Jennifer drove the tricycle for two years, but his income was still not enough for his family. He and his wife decided to buy and sell kropek, puto seko, candies and other delicacies through a P5,000 micro financing loan from Ficobank, a rural bank in their town.


“We used our tricycle to go to sarisari stores from one place to another to sell kropek. It was tedious work, but our hardships paid off after a couple of years,” Jennifer says. “We tried everything to be able to attain a certain level of success.”

It wasn’t always smooth sailing. The couple spent nearly all their savings to salvage their business after a kropek supplier in Bulacan duped them of around P250,000. They filed a case against the agent, but the man had by then disappeared.

“We were so hard up then because we borrowed most of the money from the bank,” recalls Vivian.

They survived this setback, and their venture eventually flourished. They secured another P150,000 loan to put up their own facilities for making chicharon out of carabao hide.

During a good week, the couple make at least P20,000 to P25,000 in sales and as much as P600,000 from wholesale trading during peak months.

The Alejos plowed their income back into the business. They improved their chicharon production area, hired more workers, and bought a second-hand truck and four more tricycles so they could move more goods.

Their business has given their townmates a fairly good source of livelihood. “Repacking” workers usually earn P1,000 to P1,500 a week. “It is a big help to our family, especially if we work overtime. This is a better job than planting and harvesting palay,” says Marilou Estrada, 51, who has been working for the Alejos as a repacker for eight years.

Vivian says her successful business venture has also paved the way for her to help other relatives and those of her husband in times of need. Recognizing the value of good education, they are now supporting a niece through college.

“It is high time that we also share our graces. For our relatives who are in dire need, for our neighbors and villagers who need jobs, and to God through church offerings,” says Jennifer

What pushed them to entrepreneurship? “The answer was clear,” says Jennifer. “We did not finish college and could never get white-collar jobs, so we had to think of a good business.”

Jennifer took up electrical technology for a year, then shifted to a computer secretarial course before he quit school altogether. Vivian took up accounting, but quit after a year. The two decided instead to tie the knot.
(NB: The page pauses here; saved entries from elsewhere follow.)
lemma disjoint_chords_share_no_arc:
  assumes "chord P" "chord Q" "P \<inter> Q = {}"
  shows "covering_arcs P \<inter> covering_arcs Q = {}"
proof -
  have "card (P \<union> Q) = 4"
    using assms by (simp add: card_Un_disjoint finite_chord chord_def)
  then show ?thesis
    by (simp add: covering_arcs_eq_empty flip: covering_arcs_Un)
qed

lemma apex_count_ge_1_if_heavy:
  "chord {x, y} \<Longrightarrow> 3 \<le> card (covering_arcs {x, y}) \<Longrightarrow> 1 \<le> apex_count x y"
  using card_covering_arcs_chord apex_count_le[of y x] by fastforce

lemma apex_count_eq_2_if_full:
  "chord {x, y} \<Longrightarrow> card (covering_arcs {x, y}) = 4 \<Longrightarrow> apex_count x y = 2"
  using card_covering_arcs_chord apex_count_le[of x y] apex_count_le[of y x] by fastforce

lemma apex_count_eq_0_if_full:
  "chord {x, y} \<Longrightarrow> card (covering_arcs {x, y}) = 4 \<Longrightarrow> z \<noteq> y \<Longrightarrow> apex_count x z = 0"
  using apex_count_eq_2_if_full apex_count_add_le[of y z x] by fastforce

lemma full_chord_disjoint:
  assumes "chord P" "card (covering_arcs P) = 4" "chord Q" "3 \<le> card (covering_arcs Q)" "P \<noteq> Q"
  shows "P \<inter> Q = {}"
proof (rule ccontr)
  assume "P \<inter> Q \<noteq> {}"
  then obtain u where "u \<in> P" "u \<in> Q"
    by blast
  then obtain p q where P: "P = {u, p}" and Q: "Q = {u, q}"
    using assms chord_doubleton by metis
  then have "apex_count u q = 0"
    using assms apex_count_eq_0_if_full[of u p q] by auto
  moreover have "1 \<le> apex_count u q"
    using assms Q apex_count_ge_1_if_heavy by blast
  ultimately show False
    by simp
qed

lemma heavy_chords_at_vertex:
  assumes "chord {u, a}" "chord {u, b}" "a \<noteq> b"
    and "3 \<le> card (covering_arcs {u, a})" "3 \<le> card (covering_arcs {u, b})"
  shows "apex_count u a = 1" "apex_count a u = 2"
proof -
  show "apex_count u a = 1"
    using apex_count_ge_1_if_heavy[OF assms(1,4)] apex_count_ge_1_if_heavy[OF assms(2,5)]
      apex_count_add_le[OF assms(3), of u] by linarith
  then show "apex_count a u = 2"
    using assms card_covering_arcs_chord apex_count_le[of a u] by fastforce
qed

lemma heavy_chord_avoids_star:
  assumes "chord {u, a}" "chord {u, b}" "a \<noteq> b"
    and "3 \<le> card (covering_arcs {u, a})" "3 \<le> card (covering_arcs {u, b})"
    and "chord R" "3 \<le> card (covering_arcs R)" "R \<noteq> {u, a}" "R \<noteq> {u, b}"
  shows "R \<inter> {u, a, b} = {}"
proof -
  have "u \<notin> R"
  proof
    assume "u \<in> R"
    then obtain d where R: "R = {u, d}"
      using assms chord_doubleton by blast
    then have "d \<noteq> a" "d \<noteq> b" "d \<noteq> u"
      using assms chord_distinct by auto
    then have "apex_count u a + apex_count u b + apex_count u d \<le> 2"
      using sum_apex_count_le[of "{a, b, d}" u] \<open>a \<noteq> b\<close> by simp
    then show False
      using assms R apex_count_ge_1_if_heavy[of u a] apex_count_ge_1_if_heavy[of u b]
        apex_count_ge_1_if_heavy[of u d] by simp
  qed
  have partner_notin: "a' \<notin> R"
    if "chord {u, a'}" "chord {u, b'}" "a' \<noteq> b'" "3 \<le> card (covering_arcs {u, a'})"
      "3 \<le> card (covering_arcs {u, b'})" "R \<noteq> {u, a'}" for a' b'
  proof
    assume "a' \<in> R"
    then obtain d where R: "R = {a', d}"
      using assms chord_doubleton by blast
    then have "d \<noteq> u"
      using that by (auto simp: insert_commute)
    have "apex_count u a' = 1"
      using heavy_chords_at_vertex(1)[OF that(1-5)] .
    moreover have "apex_count u a' = 2"
      using heavy_chords_at_vertex(2)[of a' u d] that assms R \<open>d \<noteq> u\<close>
      by (simp add: insert_commute)
    ultimately show False
      by simp
  qed
  show ?thesis
    using \<open>u \<notin> R\<close> partner_notin[of a b] partner_notin[of b a] assms by auto
qed

lemma two_full_chords:
  assumes "chord P" "chord Q" "P \<noteq> Q" "card (covering_arcs P) = 4" "card (covering_arcs Q) = 4"
  shows "8 \<le> n"
proof -
  have "covering_arcs P \<inter> covering_arcs Q = {}"
    using assms full_chord_disjoint disjoint_chords_share_no_arc by simp
  then show ?thesis
    using card_Un_disjoint_le[of "covering_arcs P" "covering_arcs Q" n] covering_arcs_subset assms
    by simp
qed

lemma three_full_chords:
  assumes "chord P" "chord Q" "chord R" "P \<noteq> Q" "P \<noteq> R" "Q \<noteq> R"
    and "card (covering_arcs P) = 4" "card (covering_arcs Q) = 4" "card (covering_arcs R) = 4"
  shows "12 \<le> n"
proof -
  have PQ: "covering_arcs P \<inter> covering_arcs Q = {}"
    using assms full_chord_disjoint disjoint_chords_share_no_arc by simp
  have "covering_arcs P \<inter> covering_arcs R = {}" "covering_arcs Q \<inter> covering_arcs R = {}"
    using assms full_chord_disjoint disjoint_chords_share_no_arc by simp_all
  then have "(covering_arcs P \<union> covering_arcs Q) \<inter> covering_arcs R = {}"
    by blast
  moreover have "card (covering_arcs P \<union> covering_arcs Q) = 8"
    using PQ assms by (simp add: card_Un_disjoint finite_covering_arcs)
  ultimately show ?thesis
    using card_Un_disjoint_le[of "covering_arcs P \<union> covering_arcs Q" "covering_arcs R" n]
      covering_arcs_subset assms by simp
qed

lemma three_heavy_chords_sharing_vertex:
  assumes "chord P" "chord Q" "chord R" "P \<noteq> Q" "P \<noteq> R" "Q \<noteq> R" "P \<inter> Q \<noteq> {}"
    and "3 \<le> card (covering_arcs P)" "3 \<le> card (covering_arcs Q)" "3 \<le> card (covering_arcs R)"
  shows "8 \<le> n"
proof -
  obtain u where "u \<in> P" "u \<in> Q"
    using assms(7) by blast
  then obtain a b where P: "P = {u, a}" and Q: "Q = {u, b}"
    using assms(1,2) chord_doubleton by metis
  with \<open>P \<noteq> Q\<close> have "a \<noteq> b"
    by auto
  then have "R \<inter> {u, a, b} = {}"
    using heavy_chord_avoids_star[of u a b R] assms P Q by simp
  then have "covering_arcs P \<inter> covering_arcs R = {}" "covering_arcs Q \<inter> covering_arcs R = {}"
    using disjoint_chords_share_no_arc[of P R] disjoint_chords_share_no_arc[of Q R] assms P Q
    by auto
  then have "(covering_arcs P \<union> covering_arcs Q) \<inter> covering_arcs R = {}"
    by blast
  moreover have "card (covering_arcs P \<inter> covering_arcs Q) \<le> 1"
    using distinct_chords_share_le_1_arc[OF assms(1,2,4)] .
  then have "5 \<le> card (covering_arcs P \<union> covering_arcs Q)"
    using assms card_Un_Int[OF finite_covering_arcs finite_covering_arcs, of P Q] by linarith
  ultimately show ?thesis
    using card_Un_disjoint_le[of "covering_arcs P \<union> covering_arcs Q" "covering_arcs R" n]
      covering_arcs_subset assms(10) by simp
qed

lemma three_heavy_chords:
  assumes "chord P" "chord Q" "chord R" "P \<noteq> Q" "P \<noteq> R" "Q \<noteq> R"
    and "3 \<le> card (covering_arcs P)" "3 \<le> card (covering_arcs Q)" "3 \<le> card (covering_arcs R)"
  shows "8 \<le> n"
proof (cases "P \<inter> Q = {} \<and> P \<inter> R = {} \<and> Q \<inter> R = {}")
  case True
  then have "covering_arcs P \<inter> covering_arcs Q = {}"
    "(covering_arcs P \<union> covering_arcs Q) \<inter> covering_arcs R = {}"
    using disjoint_chords_share_no_arc[of P Q] disjoint_chords_share_no_arc[of P R]
      disjoint_chords_share_no_arc[of Q R] assms by auto
  then have "6 \<le> card (covering_arcs P \<union> covering_arcs Q)"
    using assms by (simp add: card_Un_disjoint finite_covering_arcs)
  with \<open>(covering_arcs P \<union> covering_arcs Q) \<inter> covering_arcs R = {}\<close> show ?thesis
    using card_Un_disjoint_le[of "covering_arcs P \<union> covering_arcs Q" "covering_arcs R" n]
      covering_arcs_subset assms(9) by simp
next
  case False
  then consider "P \<inter> Q \<noteq> {}" | "P \<inter> R \<noteq> {}" | "Q \<inter> R \<noteq> {}"
    by blast
  then show ?thesis
  proof cases
    case 1
    then show ?thesis
      using three_heavy_chords_sharing_vertex[of P Q R] assms by simp
  next
    case 2
    then show ?thesis
      using three_heavy_chords_sharing_vertex[of P R Q] assms by (simp add: eq_commute)
  next
    case 3
    then show ?thesis
      using three_heavy_chords_sharing_vertex[of Q R P] assms by (simp add: eq_commute)
  qed
qed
They now have three children: Kenneth James; 12, Kathleen Joy; 10, and Christian, 3.

“An entrepreneur needs to have patience when handling people, managing the business, controlling the quality of the products,” Vivian says, citing her experience with delinquent or non-remitting vendors.

To his fellow traders, Jennifer has this to say: “Businessmen must be straight. Do not mix vices like gambling and drinking with business. Have discipline, industry and patience.”